I have a message pump in my main thread, through this pump I handle all the windows messages intended for my main window (clicks, drags and resizing, button presses). And when it is not dealing with windows messages it ticks a timer and updates the scene. When the main window receives a specific key stroke it (currently) spins off a new thread, that thread then creates a new object (or objectContainer) and, during the new object's creation, a modal (blocking) dialog box is spawned so that the user can interact with/input initial values for the newly created object. Upon clicking OK, if the name provided is unique (with regards to the contents of the top level container), the new object is added to the top level container. Finally, if a modal dialog box (spawned from inside yet another thread) that displays the contents of a (in this case the top level) container, is open, I send a WM_message to said dialog box that is intended to tell it to add the new item's name to a list box of strings. I am having issues with the sending of these messages to dialog boxes. For instance, when I create an objectContainer the correct name appears in the list right away after pressing the OK button, but not if I am creating an object. I assumed it may have something to do with threading, but I do not know. Each type of object uses the same addObject() function, which is where the container's displaying box is tested to be open or not and the message is sent.

What I have tried:

I have read articles that say never use threading… unless you absolutely have to! And that all UI should be done in the same thread. Some even say to only do UI through the main thread. I have tried variations of my application with some of the techniques I feel like the authors of these articles are suggesting but something is not right.

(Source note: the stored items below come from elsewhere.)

lemma doubling_ratio_0_shift_less:
  assumes "is_measure n \<mu>" "x \<in> {1..n}" "0 < e"
    and "doubling_ratio n \<mu> x 0 \<le> c\<^sub>0" "c\<^sub>0 < c" "3 * e \<le> (c - c\<^sub>0) * \<mu> x"
  shows "doubling_ratio n (\<lambda>j. \<mu> j + e) x 0 < c"
proof -
  have pos: "0 < \<mu> x" using assms(1,2) unfolding is_measure_def by blast
  have "0 < c" using doubling_ratio_nonneg[OF assms(1,2), where k=0] assms(4,5) by linarith
  have "meas \<mu> (ball_L n x 1) \<le> c\<^sub>0 * \<mu> x"
    using assms(4) pos by (simp add: doubling_ratio_0[OF assms(2)] divide_le_eq)
  moreover have "e * card (ball_L n x 1) \<le> e * 3"
    using card_ball_L_1 assms(3) by (simp add: mult_left_mono)
  ultimately have "meas \<mu> (ball_L n x 1) + e * card (ball_L n x 1) \<le> c * \<mu> x"
    using assms(6) by (simp add: algebra_simps)
  also have "\<dots> < c * (\<mu> x + e)" using \<open>0 < c\<close> assms(3) by simp
  finally show ?thesis
    using pos assms(3)
    by (simp add: doubling_ratio_0[OF assms(2)] meas_shift[OF finite_ball_L] divide_less_eq)
qed

lemma optimal_measure_C_mu_le_C0_mu:
  assumes "1 \<le> n" "is_measure n \<mu>" "C_L n = C_mu n \<mu>" "7/3 < C_mu n \<mu>"
  shows "C_mu n \<mu> \<le> C0_mu n \<mu>"
proof (rule ccontr)
  define C where "C = C_mu n \<mu>"
  assume "\<not> C_mu n \<mu> \<le> C0_mu n \<mu>"
  then have gap: "C0_mu n \<mu> < C" unfolding C_def by simp
  have pos: "0 < \<mu> i" if "i \<in> {1..n}" for i using assms(2) that unfolding is_measure_def by blast
  define m where "m = Min (\<mu> ` {1..n})"
  have m_le: "m \<le> \<mu> x" if "x \<in> {1..n}" for x unfolding m_def using that by simp
  have "0 < m" unfolding m_def using Min_in[of "\<mu> ` {1..n}"] pos assms(1) by fastforce
  define e where "e = (C - C0_mu n \<mu>) * m / 3"
  have "0 < e" unfolding e_def using gap \<open>0 < m\<close> by simp
  define \<nu> where "\<nu> = (\<lambda>j. \<mu> j + e)"
  have "is_measure n \<nu>" using pos \<open>0 < e\<close> unfolding is_measure_def \<nu>_def by (simp add: add_pos_pos)
  have "C_mu n \<nu> < C"
  proof (rule C_mu_less[OF assms(1)])
    fix x k assume x: "x \<in> {1..n}"
    have le_C: "doubling_ratio n \<mu> x k \<le> C" unfolding C_def by (rule doubling_ratio_le_C_mu[OF x])
    show "doubling_ratio n \<nu> x k < C"
    proof (cases "k = 0")
      case True
      have "3 * e \<le> (C - C0_mu n \<mu>) * \<mu> x"
        unfolding e_def using m_le[OF x] gap by simp
      then show ?thesis unfolding True \<nu>_def
        using doubling_ratio_0_shift_less[OF assms(2) x \<open>0 < e\<close> doubling_ratio_0_le_C0_mu[OF x] gap]
        by simp
    next
      case False
      then show ?thesis unfolding \<nu>_def using assms(4) le_C \<open>0 < e\<close>
        by (intro doubling_ratio_shift_less[OF assms(2) x]) (simp_all add: C_def)
    qed
  qed
  moreover have "C \<le> C_mu n \<nu>"
    using C_L_le_C_mu[OF \<open>is_measure n \<nu>\<close> assms(1)] assms(3) unfolding C_def by simp
  ultimately show False by simp
qed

I made a version in which, when the button is pressed, the main thread spawns a modeless dialog that does the work of interacting with the newly created object. This works well except for, if say the user is dragging around a modeless dialog box for a long period of time, the main process gets stalled. I have a function after the IsDialogMessage part of the main message pump that calculates frame rate and it tanks when the modeless dialog box is clicked and held by the user. I don’t think I want that happening, the functions that update the scene are not run until the user lets go. (come to think of it, if i drag around the main window the frame rate processing stalls too... but i suspect that is unavoidable, right? unless that processing is in its own thread...?)

I have also created a version where once the button is clicked the main thread spins off a new thread, the new thread creates the new object or objectContainer and right after the new item is created it spawns a modeless dialog box to editObject(). With the modeless dialog box the calling thread is not blocked and so I added a message pump directly after the creation of said modeless dialog box and it appears to be working. I have not yet tested past the adding of the objects and verifying that the name is unique in the top level container. I do not know if the wm_messages will reach the correct window and control the dialog box's string list box as I wish.

I am having issues with each of my design attempts and would just like to know your thoughts on design before I waste more time debugging a bad design. Should the main thread spin off a thread and call a modal dialog box? Or should all dialog boxes be called from the main thread and I, somehow, move what I think needs to be continually processing to its own thread? Or should the main thread spin off a thread and then use modeless dialog boxes?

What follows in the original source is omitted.